Louis Bouwmeester: Repertoire - Het Nederlandsch Tooneel

Uit TheaterEncyclopedie
Ga naar: navigatie, zoeken

Logo eenlevenlangtheater2.jpg

Louis Bouwmeester als Herodes. Foto: Frits Geveke. Collectie TIN.

Eenlevenlangtheater Louis Bouwmeester:

(De Koninklijke Vereeniging) Het Nederlandsch Tooneel

Louis Bouwmeester als Shylock in De Koopman van Venetië, de rol die hem legendarisch maakte en die hij voor het eerst bij Het Nederlandsch Tooneel vertolkte in 1880. Collectie TIN.

In 1876 werd de Vereeniging Het Nederlandsch Tooneel door drie welgestelde heren opgericht: bankier, literator en toneelschrijver H.J. Schimmel, bankier Abraham Wertheim en G. van Tienhoven, de latere minister en burgemeester van Amsterdam. Hun doel was om met dit gezelschap hun ideeën over verheffing en ontwikkeling van het toneel in de praktijk te brengen. Er kwam bijvoorbeeld geen toneeldirecteur, maar een Raad van Beheer van gegoede burgers, die een zekere continuïteit moest veilig stellen. Door toneelminnende burgers bij elkaar te brengen, zou de bekwaamheid van de acteurs verhoogd worden, zouden schrijvers worden aangemoedigd nieuwe drama's te schrijven en zou de toneelkritiek gestimuleerd kunnen worden. Tevens wilden de drie oprichters het toneel op de kleine burgerman en de massa heroveren. Hun devies was 'beschaving'.

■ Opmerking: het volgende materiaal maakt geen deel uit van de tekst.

lemma unanswered_answered_in_later_block:
  assumes fin: "\<And>k. fin_run \<delta> (R k)" and run: "inf_run \<delta> (concat_inf R)"
    and Cor: "Cor \<Omega> Cst (concat_inf R) (offs R j + i) \<le> enat K"
    and i: "i \<le> length (R j)" and odd: "odd (\<Omega> (fstates (R j) ! i))"
    and unanswered: "\<And>i'. i < i' \<Longrightarrow> i' \<le> length (R j) \<Longrightarrow>
      \<Omega> (fstates (R j) ! i') \<notin> Ans \<Omega> (\<Omega> (fstates (R j) ! i))"
  obtains j' i' where "Suc j \<le> j'" "i' \<le> length (R j')"
    "\<Omega> (fstates (R j') ! i') \<in> Ans \<Omega> (\<Omega> (fstates (R j) ! i))"
    "cost_inf Cst (concat_inf R) (offs R (Suc j)) (offs R j') \<le> K"
proof -
  have ne: "\<And>k. R k \<noteq> []" using fin by (simp add: fin_run_def)
  have src: "src (concat_inf R (offs R j + i)) = fstates (R j) ! i"
    by (rule src_concat_inf_offs[OF fin run i])
  obtain n where n: "offs R j + i < n" "\<Omega> (src (concat_inf R n)) \<in> Ans \<Omega> (\<Omega> (fstates (R j) ! i))"
      "cost_inf Cst (concat_inf R) (offs R j + i) n \<le> K"
    using Cor_le_enatE[of \<Omega> "concat_inf R", OF _ Cor] odd src by metis
  obtain j' i' where ji': "i' < length (R j')" "n = offs R j' + i'"
    using concat_inf_block_decomp[OF ne] .
  have "offs R (Suc j) < n"
    using answer_beyond_unanswered_block[OF fin run i unanswered n(1,2)] .
  then have "offs R (Suc j) \<le> offs R j' + i'" using ji'(2) by simp
  then have "Suc j \<le> j'" by (rule le_of_offs_le_block[of i' R j', OF ji'(1)])
  moreover have "\<Omega> (fstates (R j') ! i') \<in> Ans \<Omega> (\<Omega> (fstates (R j) ! i))"
    using n(2) ji' src_concat_inf_offs[OF fin run, of i' j'] by simp
  moreover have "cost_inf Cst (concat_inf R) (offs R (Suc j)) (offs R j')
      \<le> cost_inf Cst (concat_inf R) (offs R j + i) n"
    using i ji'(2) by (intro cost_inf_mono) (simp_all add: offs_Suc)
  ultimately show thesis using that ji'(1) n(3) by (meson le_trans less_imp_le)
qed

locale same_type_blocks =
  fixes \<delta> :: "'q \<Rightarrow> 'a \<Rightarrow> 'q" and \<Omega> :: "'q \<Rightarrow> nat" and Cst :: "'q \<Rightarrow> 'a \<Rightarrow> bool"
    and R1 R2 :: "nat \<Rightarrow> ('q,'a) trans list" and B :: nat
  assumes fin_run1: "\<And>k. fin_run \<delta> (R1 k)" and fin_run2: "\<And>k. fin_run \<delta> (R2 k)"
    and same_type: "\<And>k. run_type \<Omega> Cst (R1 k) = run_type \<Omega> Cst (R2 k)"
    and length_le1: "\<And>k. length (R1 k) \<le> B" and length_le2: "\<And>k. length (R2 k) \<le> B"
begin

lemma blocks_nonempty: "R1 k \<noteq> []" "R2 k \<noteq> []"
  using fin_run1 fin_run2 by (simp_all add: fin_run_def)

lemma inf_run_transfer:
  assumes "inf_run \<delta> (concat_inf R1)"
  shows "inf_run \<delta> (concat_inf R2)"
  using assms run_type_eqD(1,2)[OF same_type]
  by (simp add: inf_run_concat_inf_iff[OF fin_run1] inf_run_concat_inf_iff[OF fin_run2])

lemma even_colour_transfer:
  assumes "i \<le> length (R1 k)" "even (\<Omega> (fstates (R1 k) ! i))"
  obtains i2 where "i2 \<le> length (R2 k)" "even (\<Omega> (fstates (R2 k) ! i2))"
    "\<Omega> (fstates (R1 k) ! i) \<le> \<Omega> (fstates (R2 k) ! i2)"
proof -
  have "\<Omega> (fstates (R1 k) ! i) \<in> even_colours \<Omega> (R1 k)"
    using assms unfolding even_colours_def by blast
  then obtain e where "e \<in> even_colours \<Omega> (R2 k)" "\<Omega> (fstates (R1 k) ! i) \<le> e"
    using max_opt_eq_imp_ex_ge[OF finite_even_colours finite_even_colours
        run_type_eqD(3)[OF same_type]] by blast
  then show thesis using that unfolding even_colours_def by blast
qed

lemma unanswered_colour_transfer:
  assumes "i \<le> length (R2 k)" "odd (\<Omega> (fstates (R2 k) ! i))"
    and "\<And>i'. i < i' \<Longrightarrow> i' \<le> length (R2 k) \<Longrightarrow>
      \<Omega> (fstates (R2 k) ! i') \<notin> Ans \<Omega> (\<Omega> (fstates (R2 k) ! i))"
  obtains i1 where "i1 \<le> length (R1 k)" "odd (\<Omega> (fstates (R1 k) ! i1))"
    "\<Omega> (fstates (R2 k) ! i) \<le> \<Omega> (fstates (R1 k) ! i1)"
    "\<And>i'. i1 < i' \<Longrightarrow> i' \<le> length (R1 k) \<Longrightarrow>
      \<Omega> (fstates (R1 k) ! i') \<notin> Ans \<Omega> (\<Omega> (fstates (R1 k) ! i1))"
proof -
  have "\<Omega> (fstates (R2 k) ! i) \<in> unanswered_colours \<Omega> (R2 k)"
    using assms unfolding unanswered_colours_def by blast
  then obtain c where "c \<in> unanswered_colours \<Omega> (R1 k)" "\<Omega> (fstates (R2 k) ! i) \<le> c"
    using max_opt_eq_imp_ex_ge[OF finite_unanswered_colours finite_unanswered_colours
        run_type_eqD(4)[OF same_type[symmetric]]] by blast
  then show thesis using that unfolding unanswered_colours_def by blast
qed

lemma cost_inf_offs_le_mult:
  assumes "a \<le> b"
  shows "cost_inf Cst (concat_inf R2) (offs R2 a) (offs R2 b)
    \<le> B * cost_inf Cst (concat_inf R1) (offs R1 a) (offs R1 b)"
proof -
  have block: "cost_inf Cst (concat_inf R2) (offs R2 k) (offs R2 (Suc k))
      \<le> B * cost_inf Cst (concat_inf R1) (offs R1 k) (offs R1 (Suc k))" for k
  proof (cases "cost_inf Cst (concat_inf R1) (offs R1 k) (offs R1 (Suc k)) = 0")
    case True
    then have "cost_inf Cst (concat_inf R2) (offs R2 k) (offs R2 (Suc k)) = 0"
      using run_type_eqD(5)[OF same_type[of k]] by (simp add: cost_inf_block_eq_0_iff)
    then show ?thesis by simp
  next
    case False
    have "cost_inf Cst (concat_inf R2) (offs R2 k) (offs R2 (Suc k)) \<le> B"
      using cost_inf_block_le_length length_le2 order_trans by blast
    with False show ?thesis by (simp add: le_trans[OF _ mult_le_mono2, of _ B 1])
  qed
  show ?thesis
    using sum_mono[where K = "{a..<b}", OF block]
    by (simp add: cost_inf_offs_sum[OF assms] sum_distrib_left)
qed

lemma cost_inf_across_blocks_le:
  assumes "Suc j \<le> j'" "i < length (R2 j)" "i2 \<le> length (R2 j')"
  shows "cost_inf Cst (concat_inf R2) (offs R2 j + i) (offs R2 j' + i2)
    \<le> B + B * cost_inf Cst (concat_inf R1) (offs R1 (Suc j)) (offs R1 j') + B"
proof -
  let ?c = "cost_inf Cst (concat_inf R2)"
  have first: "offs R2 j + i \<le> offs R2 (Suc j)" and middle: "offs R2 (Suc j) \<le> offs R2 j'"
    using assms offs_mono[of "Suc j" j' R2] by (simp_all add: offs_Suc)
  then have "?c (offs R2 j + i) (offs R2 j' + i2)
      = ?c (offs R2 j + i) (offs R2 (Suc j)) + ?c (offs R2 (Suc j)) (offs R2 j')
        + ?c (offs R2 j') (offs R2 j' + i2)"
    using cost_inf_split[OF first, of "offs R2 j' + i2" Cst "concat_inf R2"]
      cost_inf_split[OF middle, of "offs R2 j' + i2" Cst "concat_inf R2"] by linarith
  moreover have "?c (offs R2 j + i) (offs R2 (Suc j)) \<le> B"
    using cost_inf_le_diff[of Cst "concat_inf R2" "offs R2 j + i" "offs R2 (Suc j)"] length_le2[of j]
    unfolding offs_Suc by linarith
  moreover have "?c (offs R2 j') (offs R2 j' + i2) \<le> B"
    using cost_inf_le_diff[of Cst "concat_inf R2" "offs R2 j'" "offs R2 j' + i2"] length_le2[of j'] assms(3)
    by linarith
  moreover have "?c (offs R2 (Suc j)) (offs R2 j')
      \<le> B * cost_inf Cst (concat_inf R1) (offs R1 (Suc j)) (offs R1 j')"
    using assms(1) by (simp add: cost_inf_offs_le_mult)
  ultimately show ?thesis by linarith
qed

Om deze doelen te verwezenlijken had H.J. Schimmel in eerste instantie een paar jaar eerder, samen met Jan Nicolaas van Hall, 'Het Nederlandsch Tooneelverbond' opgericht. Eén van de meest concrete resultaten was de oprichting van de Toneelschool in 1874 in Amsterdam, behalve door het Verbond ook gefinancierd door koning Willem III. De koning bevond zich ook regelmatig onder de bezoekers van voorstellingen van Het Nederlandsch Tooneel in Den Haag en in 1881 verleende hij het gezelschap het predikaat 'Koninklijk'.

De Koninklijke Haagsche Schouwburg was de thuisbasis van de Koninklijke Vereniging 'Het Nederlandsch Tooneel', maar het gezelschap speelde ook in de Amsterdamse Stadsschouwburg. Daar zorgde de Vereniging ervoor dat een Nederlandse variant ontstond naar het grote voorbeeld van nationaal toneel van de Comédie Française.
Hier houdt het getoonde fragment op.